Our data set will be the one we built yesterday.


In [None]:
import pandas as pd

In [None]:
df = pd.read_csv("data/amino_acids_processed.csv")
df.head()

In [None]:
X = df[["num_heavy"]]
Y = df[["molecular_weight"]]

## Linear Fitting with SciKit Learn
Now that we have prepared our X and Y variables, let's see how we would do a fit using scikitlearn.

Typically when doing fitting with scikitlearn, the first thing you will do is to import the type of model you want to use. In our case, we are importing a `LinearRegression` model. This type of model performs ordinary least squares fitting. You will first import the model, then you will create a model object. After creation, you will give data to the model and tell it to perform a fit. Your model can then be used to make predictions.

Now that you have imported the model, you can read more about it either on the SciKitLearn website, or by using the built-in Python help function.

Before we do the fit, we first create the model. Then, we specify settings for it such as if we want the linear model to have an intercept. It will have one by default, but if you wanted to do an ordinary least squares fit without an intercept, you would specify it when you create the model.

In [None]:
import numpy as np
import matplotlib.pyplot as plt
from sklearn.linear_model import LinearRegression

# Fit a linear regression model
model = LinearRegression()
model.fit(X, Y)

After we create the model, we give it data and call the fit function. Then, the model will contain information about coefficients and an intercept.

In [None]:
print(f"The coefficients are {model.coef_} and the intercept is {model.intercept_}.")

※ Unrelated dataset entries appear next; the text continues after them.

definition gamma :: "('v, 'a) network \<Rightarrow> ('v, 'a) strategy \<Rightarrow> ('v, 'a) strategy \<Rightarrow> real
     \<Rightarrow> ('v, 'a) strategy" where
  "gamma N phi1 phi2 s =
     phi_of N (\<lambda>i j a k. (1 - s) * flow_of N phi1 i j a k + s * flow_of N phi2 i j a k)"

definition curve_family :: "'x set \<Rightarrow> ('x \<Rightarrow> 'x \<Rightarrow> real \<Rightarrow> 'x) \<Rightarrow> bool" where
  "curve_family S gam \<longleftrightarrow>
     (\<forall>x1\<in>S. \<forall>x2\<in>S. gam x1 x2 0 = x1 \<and> gam x1 x2 1 = x2 \<and>
        (\<forall>s\<in>{0..1}. gam x1 x2 s \<in> S))"

definition geodesically_convex :: "'x set \<Rightarrow> ('x \<Rightarrow> 'x \<Rightarrow> real \<Rightarrow> 'x) \<Rightarrow> ('x \<Rightarrow> real) \<Rightarrow> bool" where
  "geodesically_convex S gam h \<longleftrightarrow>
     (\<forall>x1\<in>S. \<forall>x2\<in>S. convex_on {0..1} (\<lambda>s. h (gam x1 x2 s)))"

end

theory Submission
  imports Defs
begin

text \<open>Along the segment between the flow vectors \<open>f(\<phi>\<^sub>1)\<close> and \<open>f(\<phi>\<^sub>2)\<close> the traffic
  computed from the flow is the same convex combination of the two traffics, hence positive;
  dividing the flow by it gives a strategy that satisfies flow conservation and whose traffic
  equations are solved by that combined traffic. The total cost is a sum of convex functions of
  loads that are linear in the flow, hence convex along the segment.

  The delicate point is that the combined traffic is the \<^emph>\<open>unique\<close> solution of the traffic
  equations. Two solutions agreeing on stage \<open>k - 1\<close> differ on stage \<open>k\<close> by a fixed point of
  the substochastic forwarding matrix, which lives on a closed set of nodes that stage-\<open>k\<close>
  traffic can enter but never leave (a trap). The curve's strategy uses every link and processor
  that \<open>\<phi>\<^sub>1\<close> (or \<open>\<phi>\<^sub>2\<close>) uses, so such a set is a trap for \<open>\<phi>\<^sub>1\<close> too; but the positive
  traffic of \<open>\<phi>\<^sub>1\<close> on a trap circulates there by itself, and removing it would leave a second
  solution of \<open>\<phi>\<^sub>1\<close>'s traffic equations.\<close>

lemma convex_on_segment_comp:
  fixes g :: "real \<Rightarrow> real"
  assumes "convex_on UNIV g"
  shows "convex_on {0..1} (\<lambda>s. g ((1 - s) * x + s * y))"
proof (rule convex_onI)
  fix t u w :: real
  assume t: "0 < t" "t < 1"
  have "(1 - ((1 - t) *\<^sub>R u + t *\<^sub>R w)) * x + ((1 - t) *\<^sub>R u + t *\<^sub>R w) * y
     = (1 - t) *\<^sub>R ((1 - u) * x + u * y) + t *\<^sub>R ((1 - w) * x + w * y)"
    by (simp add: algebra_simps)
  then show "g ((1 - ((1 - t) *\<^sub>R u + t *\<^sub>R w)) * x + ((1 - t) *\<^sub>R u + t *\<^sub>R w) * y)
         \<le> (1 - t) * g ((1 - u) * x + u * y) + t * g ((1 - w) * x + w * y)"
    using convex_onD[OF assms, of t] t by simp
qed (simp add: convex_real_interval)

Remember that each coefficient above corresponds to one of the features. For example, the coefficient (12.55) tells us that for every 1 heavy atom our molecular weight increases by 12.55 (what element does that roughly correspond to?).

## Using the linear regression to make predictions

One way we might evaluate our fit is to compare the values predicted by the model to the actual values.

In [None]:
from sklearn.metrics import r2_score

# Predict molecular weights using the linear model
predicted_weight = model.predict(X)

# Print the model coefficients
print(f"Model coefficient (slope): {model.coef_[0][0]}")
print(f"Model intercept: {model.intercept_[0]}")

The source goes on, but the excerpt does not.